Work instructions
Up to and including the line that contains "(\<forall>x. (f has_derivative", repeat each line of the data exactly, starting from the first.
** Opening Material for this task block **
(* Let $n \geq 3$, let $\Omega = \bigcap_{m=0}^q \{u_m \leq 0\} \subset \mathbb{R}^n$ be a compact convex polytope with non-empty interior, and let $g$ be a Riemannian metric on $\mathbb{R}^n$, all satisfying the standing assumptions described in the context. Then for every $\varepsilon \in (0,1)$ there exists $\delta > 0$ with the following property: if $0 \leq j < k \leq q$ and $x \in \Omega$ satisfies $-\delta \leq u_j(x) \leq 0$ and $-\delta \leq u_k(x) \leq 0$, then $\langle \nu_j, \nu_k \rangle - \varepsilon \leq \langle N_j, N_k \rangle$ at $x$.
   Context: $u_0,\dots,u_q$ are non-constant linear (affine) functions on $\mathbb{R}^n$, $\Omega=\bigcap_{m=0}^q\{u_m\le0\}$ compact convex with non-empty interior. Standing assumptions: (a) for each $k$, $\{u_k>0\}\cap\bigcap_{m\neq k}\{u_m\le0\}\neq\emptyset$; (b) the Euclidean gradient of each $u_k$ is a unit vector $N_k\in S^{n-1}$; (c) for $j<k$, if some $x\in\Omega$ has $u_j(x)=u_k(x)=0$ then $\langle N_j,N_k\rangle\le0$ (Euclidean); (d) $\nu_k=\nabla u_k/|\nabla u_k|$ is the unit normal to level sets of $u_k$ computed with respect to $g$, and for $j<k$, if $x\in\Omega$ with $u_j(x)=u_k(x)=0$, then $\langle\nu_j,\nu_k\rangle\le\langle N_j,N_k\rangle$ at $x$, where $\langle\nu_j,\nu_k\rangle$ is the $g$-inner product and $\langle N_j,N_k\rangle$ the Euclidean one. *)

theory Defs
  imports "HOL-Analysis.Analysis"
begin

fun Ck :: "nat \<Rightarrow> (real^'n \<Rightarrow> real) \<Rightarrow> bool" where
  "Ck 0 f = continuous_on UNIV f"
| "Ck (Suc k) f = (\<exists>D :: real^'n \<Rightarrow> real^'n.
      (\<forall>x. (f has_derivative (\<lambda>h. D x \<bullet> h)) (at x)) \<and> (\<forall>i. Ck k (\<lambda>x. D x $ i)))"

definition smooth_fun :: "(real^'n \<Rightarrow> real) \<Rightarrow> bool" where
  "smooth_fun f \<longleftrightarrow> (\<forall>k. Ck k f)"

definition riemannian_metric :: "(real^'n \<Rightarrow> real^'n^'n) \<Rightarrow> bool" where
  "riemannian_metric g \<longleftrightarrow>
     (\<forall>i j. smooth_fun (\<lambda>x. g x $ i $ j)) \<and>
     (\<forall>x. transpose (g x) = g x) \<and>
     (\<forall>x v. v \<noteq> 0 \<longrightarrow> v \<bullet> (g x *v v) > 0)"

definition ginner :: "(real^'n \<Rightarrow> real^'n^'n) \<Rightarrow> real^'n \<Rightarrow> real^'n \<Rightarrow> real^'n \<Rightarrow> real" where
  "ginner g x v w = v \<bullet> (g x *v w)"

text \<open>g-gradient at x of an affine function with Euclidean gradient N: g(x)^{-1} N.\<close>
definition ggrad :: "(real^'n \<Rightarrow> real^'n^'n) \<Rightarrow> real^'n \<Rightarrow> real^'n \<Rightarrow> real^'n" where
  "ggrad g x N = matrix_inv (g x) *v N"

text \<open>Unit normal nu = grad_g u / |grad_g u|_g to the level sets, w.r.t. g.\<close>
definition gnormal :: "(real^'n \<Rightarrow> real^'n^'n) \<Rightarrow> real^'n \<Rightarrow> real^'n \<Rightarrow> real^'n" where
  "gnormal g x N = (1 / sqrt (ginner g x (ggrad g x N) (ggrad g x N))) *\<^sub>R ggrad g x N"

end

theory Submission
  imports Defs
begin

text \<open>Both sides of the inequality are continuous in \<open>x\<close>: the Euclidean side is constant, and
  \<open>\<langle>\<nu>\<^sub>j, \<nu>\<^sub>k\<rangle>\<close> is continuous because the entries of \<open>g\<close> are, hence so is \<open>g\<^sup>-\<^sup>1 N\<close> by Cramer's
  rule, and the normalisation divides by a positive continuous function. Hypothesis (d) says that
  \<open>\<langle>\<nu>\<^sub>j, \<nu>\<^sub>k\<rangle> - \<langle>N\<^sub>j, N\<^sub>k\<rangle> \<le> 0\<close> on the face \<open>\<Omega> \<inter> {u\<^sub>j = u\<^sub>k = 0}\<close>; by compactness of \<open>\<Omega>\<close> this
  difference stays below \<open>\<epsilon>\<close> on a uniform neighbourhood \<open>{|u\<^sub>j|, |u\<^sub>k| \<le> \<delta>}\<close> of the face, and
  there are only finitely many pairs \<open>(j, k)\<close>.\<close>

lemma compact_eventually_near_zeros:
  fixes F :: "'a::metric_space \<Rightarrow> real" and h :: "'a \<Rightarrow> 'b::real_normed_vector"
  assumes "compact S" "continuous_on S F" "continuous_on S h"
    and zeros: "\<forall>x\<in>S. h x = 0 \<longrightarrow> F x < e"
  shows "\<forall>\<^sub>F d in at_right 0. \<forall>x\<in>S. norm (h x) \<le> d \<longrightarrow> F x < e"
proof -
  define K where "K = S \<inter> F -` {e..}"
  have "closed K"
    unfolding K_def
    using continuous_closed_preimage[OF assms(2) compact_imp_closed[OF assms(1)] closed_atLeast] .
  then have "compact K"
    using compact_Int_closed[OF \<open>compact S\<close>, of K] by (simp add: K_def Int_absorb1)
  show ?thesis
  proof (cases "K = {}")
    case True
    then have "\<forall>x\<in>S. F x < e"
      by (auto simp: K_def not_le)
    then show ?thesis
      by simp
  next
    case False
    have "continuous_on K (\<lambda>x. norm (h x))"
      unfolding K_def by (intro continuous_intros continuous_on_subset[OF assms(3)]) auto
    then obtain y where "y \<in> K" and y_min: "\<And>x. x \<in> K \<Longrightarrow> norm (h y) \<le> norm (h x)"
      using continuous_attains_inf[OF \<open>compact K\<close> False] by blast
    then have "h y \<noteq> 0"
      using zeros by (auto simp: K_def)
    then have "\<forall>\<^sub>F d in at_right 0. d < norm (h y)"
      unfolding eventually_at_right_field by (intro exI[of _ "norm (h y)"]) auto
    then show ?thesis
      by eventually_elim (use y_min in \<open>force simp: K_def not_less\<close>)
  qed
qed

lemma continuous_on_det:
  fixes A :: "'a::topological_space \<Rightarrow> real^'n^'n"
  assumes "\<And>i j. continuous_on S (\<lambda>x. A x $ i $ j)"
  shows "continuous_on S (\<lambda>x. det (A x))"
  unfolding det_def by (intro continuous_intros assms)

lemma continuous_on_inner_matrix_vector_mult:
  fixes A :: "'a::topological_space \<Rightarrow> real^'n^'n"
  assumes "\<And>i j. continuous_on S (\<lambda>x. A x $ i $ j)"
    and "continuous_on S v" "continuous_on S w"
  shows "continuous_on S (\<lambda>x. v x \<bullet> (A x *v w x))"
  unfolding inner_vec_def matrix_vector_mult_def
  by (simp, intro continuous_intros assms)

lemma riemannian_metric_continuous_entry:
  "riemannian_metric g \<Longrightarrow> continuous_on UNIV (\<lambda>x. g x $ i $ j)"
  unfolding riemannian_metric_def smooth_fun_def by (metis Ck.simps(1))

lemma ginner_self_pos:
  "riemannian_metric g \<Longrightarrow> v \<noteq> 0 \<Longrightarrow> ginner g x v v > 0"
  unfolding riemannian_metric_def ginner_def by blast

lemma riemannian_metric_invertible:
  assumes "riemannian_metric g"
  shows "invertible (g x)"
proof -
  have "g x *v v = 0 \<Longrightarrow> v = 0" for v
    using ginner_self_pos[OF assms, of v x] by (auto simp: ginner_def)
  then show ?thesis
    using invertible_left_inverse matrix_left_invertible_ker by blast
qed

lemma riemannian_metric_mult_ggrad:
  assumes "riemannian_metric g"
  shows "g x *v ggrad g x N = N"
proof -
  have "g x ** matrix_inv (g x) = mat 1"
    using riemannian_metric_invertible[OF assms]
    unfolding invertible_def matrix_inv_def by (rule someI_ex[THEN conjunct1])
  then show ?thesis
    unfolding ggrad_def by (metis matrix_vector_mul_assoc matrix_vector_mul_lid)
qed

lemma ggrad_nonzero:
  "riemannian_metric g \<Longrightarrow> N \<noteq> 0 \<Longrightarrow> ggrad g x N \<noteq> 0"
  using riemannian_metric_mult_ggrad[of g x N] by auto

lemma continuous_on_ggrad:
  assumes "riemannian_metric g"
  shows "continuous_on UNIV (\<lambda>x. ggrad g x N)"
proof -
  note entry = riemannian_metric_continuous_entry[OF assms]
  have det_nonzero: "det (g x) \<noteq> 0" for x
    using riemannian_metric_invertible[OF assms] invertible_det_nz by blast
  have cramer_ggrad:
    "ggrad g x N = (\<chi> k. det (\<chi> i j. if j = k then N $ i else g x $ i $ j) / det (g x))" for x
    using cramer[OF det_nonzero] riemannian_metric_mult_ggrad[OF assms] by blast
  have "continuous_on UNIV (\<lambda>x. (\<chi> i j. if j = k then N $ i else g x $ i $ j) $ i $ j)"
    for k i j
    by (cases "j = k") (auto intro: entry)
  then show ?thesis
    unfolding cramer_ggrad
    by (intro continuous_on_vec_lambda continuous_on_divide continuous_on_det entry)
      (simp_all add: det_nonzero)
qed

lemma continuous_on_gnormal:
  assumes "riemannian_metric g" "N \<noteq> 0"
  shows "continuous_on UNIV (\<lambda>x. gnormal g x N)"
proof -
  have "continuous_on UNIV (\<lambda>x. ginner g x (ggrad g x N) (ggrad g x N))"
    unfolding ginner_def
    by (intro continuous_on_inner_matrix_vector_mult riemannian_metric_continuous_entry
        continuous_on_ggrad assms(1))
  moreover have "ginner g x (ggrad g x N) (ggrad g x N) \<noteq> 0" for x
    using ginner_self_pos ggrad_nonzero assms by (metis less_irrefl)
  ultimately show ?thesis
    unfolding gnormal_def
    by (intro continuous_intros continuous_on_ggrad assms(1)) simp_all
qed

lemma continuous_on_ginner_gnormal:
  assumes "riemannian_metric g" "N \<noteq> 0" "M \<noteq> 0"
  shows "continuous_on UNIV (\<lambda>x. ginner g x (gnormal g x N) (gnormal g x M))"
  unfolding ginner_def
  by (intro continuous_on_inner_matrix_vector_mult riemannian_metric_continuous_entry
      continuous_on_gnormal assms)

lemma eventually_ginner_gnormal_near_common_zeros:
  fixes f h :: "real^'n \<Rightarrow> real"
  assumes "riemannian_metric g" "N \<noteq> 0" "M \<noteq> 0" "compact S"
    and "continuous_on S f" "continuous_on S h"
    and zeros: "\<forall>x\<in>S. f x = 0 \<and> h x = 0 \<longrightarrow> ginner g x (gnormal g x N) (gnormal g x M) \<le> N \<bullet> M"
    and "\<epsilon> > 0"
  shows "\<forall>\<^sub>F \<delta> in at_right 0. \<forall>x\<in>S. \<bar>f x\<bar> \<le> \<delta> \<and> \<bar>h x\<bar> \<le> \<delta> \<longrightarrow>
           ginner g x (gnormal g x N) (gnormal g x M) - \<epsilon> \<le> N \<bullet> M"
proof -
  have "\<forall>\<^sub>F \<delta> in at_right 0. \<forall>x\<in>S. norm (max \<bar>f x\<bar> \<bar>h x\<bar>) \<le> \<delta> \<longrightarrow>
          ginner g x (gnormal g x N) (gnormal g x M) - N \<bullet> M < \<epsilon>"
  proof (rule compact_eventually_near_zeros)
    show "continuous_on S (\<lambda>x. ginner g x (gnormal g x N) (gnormal g x M) - N \<bullet> M)"
      by (intro continuous_intros continuous_on_subset[OF continuous_on_ginner_gnormal] assms)
        simp
  qed (use assms in \<open>auto intro!: continuous_intros\<close>)
  then show ?thesis
    by eventually_elim auto
qed

theorem lemma4p2:
  fixes u :: "nat \<Rightarrow> real^'n \<Rightarrow> real"
    and N :: "nat \<Rightarrow> real^'n"
    and c :: "nat \<Rightarrow> real"
    and q :: nat
    and g :: "real^'n \<Rightarrow> real^'n^'n"
    and \<Omega> :: "(real^'n) set"
  assumes dim: "CARD('n) \<ge> 3"
    and affine_u: "\<forall>k\<le>q. \<forall>x. u k x = N k \<bullet> x + c k"
    and unit_N: "\<forall>k\<le>q. norm (N k) = 1"
    and Omega_def: "\<Omega> = {x. \<forall>m\<le>q. u m x \<le> 0}"
    and compact: "compact \<Omega>"
    and convex: "convex \<Omega>"
    and interior: "interior \<Omega> \<noteq> {}"
    and metric: "riemannian_metric g"
    and a: "\<forall>k\<le>q. \<exists>x. u k x > 0 \<and> (\<forall>m\<le>q. m \<noteq> k \<longrightarrow> u m x \<le> 0)"
    and c_cond: "\<forall>j k x. j < k \<and> k \<le> q \<and> x \<in> \<Omega> \<and> u j x = 0 \<and> u k x = 0
                   \<longrightarrow> N j \<bullet> N k \<le> 0"
    and d_cond: "\<forall>j k x. j < k \<and> k \<le> q \<and> x \<in> \<Omega> \<and> u j x = 0 \<and> u k x = 0
                   \<longrightarrow> ginner g x (gnormal g x (N j)) (gnormal g x (N k)) \<le> N j \<bullet> N k"
  shows "\<forall>\<epsilon>. 0 < \<epsilon> \<and> \<epsilon> < 1 \<longrightarrow> (\<exists>\<delta>>0. \<forall>j k x.
           j < k \<and> k \<le> q \<and> x \<in> \<Omega> \<and>
           -\<delta> \<le> u j x \<and> u j x \<le> 0 \<and> -\<delta> \<le> u k x \<and> u k x \<le> 0
           \<longrightarrow> ginner g x (gnormal g x (N j)) (gnormal g x (N k)) - \<epsilon> \<le> N j \<bullet> N k)"
proof (intro allI impI)
  fix \<epsilon> :: real assume "0 < \<epsilon> \<and> \<epsilon> < 1"
  define pairs where "pairs = {(j, k). j < k \<and> k \<le> q}"
  have "finite pairs"
    by (rule finite_subset[of _ "{..q} \<times> {..q}"]) (auto simp: pairs_def)
  have "\<forall>\<^sub>F \<delta> in at_right 0. \<forall>x\<in>\<Omega>. \<bar>u j x\<bar> \<le> \<delta> \<and> \<bar>u k x\<bar> \<le> \<delta> \<longrightarrow>
          ginner g x (gnormal g x (N j)) (gnormal g x (N k)) - \<epsilon> \<le> N j \<bullet> N k"
    if "(j, k) \<in> pairs" for j k
  proof (rule eventually_ginner_gnormal_near_common_zeros[OF metric _ _ compact])
    have "j \<le> q" "k \<le> q" using that by (auto simp: pairs_def)
    then show "N j \<noteq> 0" "N k \<noteq> 0" "continuous_on \<Omega> (u j)" "continuous_on \<Omega> (u k)"
      using unit_N affine_u by (auto intro!: continuous_intros)
  qed (use that d_cond \<open>0 < \<epsilon> \<and> \<epsilon> < 1\<close> in \<open>auto simp: pairs_def\<close>)
  then have "\<forall>\<^sub>F \<delta> in at_right 0. 0 < \<delta> \<and> (\<forall>(j, k)\<in>pairs. \<forall>x\<in>\<Omega>.
               \<bar>u j x\<bar> \<le> \<delta> \<and> \<bar>u k x\<bar> \<le> \<delta> \<longrightarrow>
               ginner g x (gnormal g x (N j)) (gnormal g x (N k)) - \<epsilon> \<le> N j \<bullet> N k)"
    by (intro eventually_conj eventually_at_right_less eventually_ball_finite \<open>finite pairs\<close>) auto
  then obtain \<delta> where "0 < \<delta>" and \<delta>: "\<forall>(j, k)\<in>pairs. \<forall>x\<in>\<Omega>.
               \<bar>u j x\<bar> \<le> \<delta> \<and> \<bar>u k x\<bar> \<le> \<delta> \<longrightarrow>
               ginner g x (gnormal g x (N j)) (gnormal g x (N k)) - \<epsilon> \<le> N j \<bullet> N k"
    using eventually_happens' trivial_limit_at_right_real by blast
  then show "\<exists>\<delta>>0. \<forall>j k x. j < k \<and> k \<le> q \<and> x \<in> \<Omega> \<and>
           -\<delta> \<le> u j x \<and> u j x \<le> 0 \<and> -\<delta> \<le> u k x \<and> u k x \<le> 0
           \<longrightarrow> ginner g x (gnormal g x (N j)) (gnormal g x (N k)) - \<epsilon> \<le> N j \<bullet> N k"
    by (force simp: pairs_def)
qed

end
** Closing Material for this task block **
Answer box
(* Let $n \geq 3$, let $\Omega = \bigcap_{m=0}^q \{u_m \leq 0\} \subset \mathbb{R}^n$ be a compact convex polytope with non-empty interior, and let $g$ be a Riemannian metric on $\mathbb{R}^n$, all satisfying the standing assumptions described in the context. Then for every $\varepsilon \in (0,1)$ there exists $\delta > 0$ with the following property: if $0 \leq j < k \leq q$ and $x \in \Omega$ satisfies $-\delta \leq u_j(x) \leq 0$ and $-\delta \leq u_k(x) \leq 0$, then $\langle \nu_j, \nu_k \rangle - \varepsilon \leq \langle N_j, N_k \rangle$ at $x$.
   Context: $u_0,\dots,u_q$ are non-constant linear (affine) functions on $\mathbb{R}^n$, $\Omega=\bigcap_{m=0}^q\{u_m\le0\}$ compact convex with non-empty interior. Standing assumptions: (a) for each $k$, $\{u_k>0\}\cap\bigcap_{m\neq k}\{u_m\le0\}\neq\emptyset$; (b) the Euclidean gradient of each $u_k$ is a unit vector $N_k\in S^{n-1}$; (c) for $j<k$, if some $x\in\Omega$ has $u_j(x)=u_k(x)=0$ then $\langle N_j,N_k\rangle\le0$ (Euclidean); (d) $\nu_k=\nabla u_k/|\nabla u_k|$ is the unit normal to level sets of $u_k$ computed with respect to $g$, and for $j<k$, if $x\in\Omega$ with $u_j(x)=u_k(x)=0$, then $\langle\nu_j,\nu_k\rangle\le\langle N_j,N_k\rangle$ at $x$, where $\langle\nu_j,\nu_k\rangle$ is the $g$-inner product and $\langle N_j,N_k\rangle$ the Euclidean one. *)

theory Defs
  imports "HOL-Analysis.Analysis"
begin

fun Ck :: "nat \<Rightarrow> (real^'n \<Rightarrow> real) \<Rightarrow> bool" where
  "Ck 0 f = continuous_on UNIV f"
| "Ck (Suc k) f = (\<exists>D :: real^'n \<Rightarrow> real^'n.
      (\<forall>x. (f has_derivative (\<lambda>h. D x \<bullet> h)) (at x)) \<and> (\<forall>i. Ck k (\<lambda>x. D x $ i)))"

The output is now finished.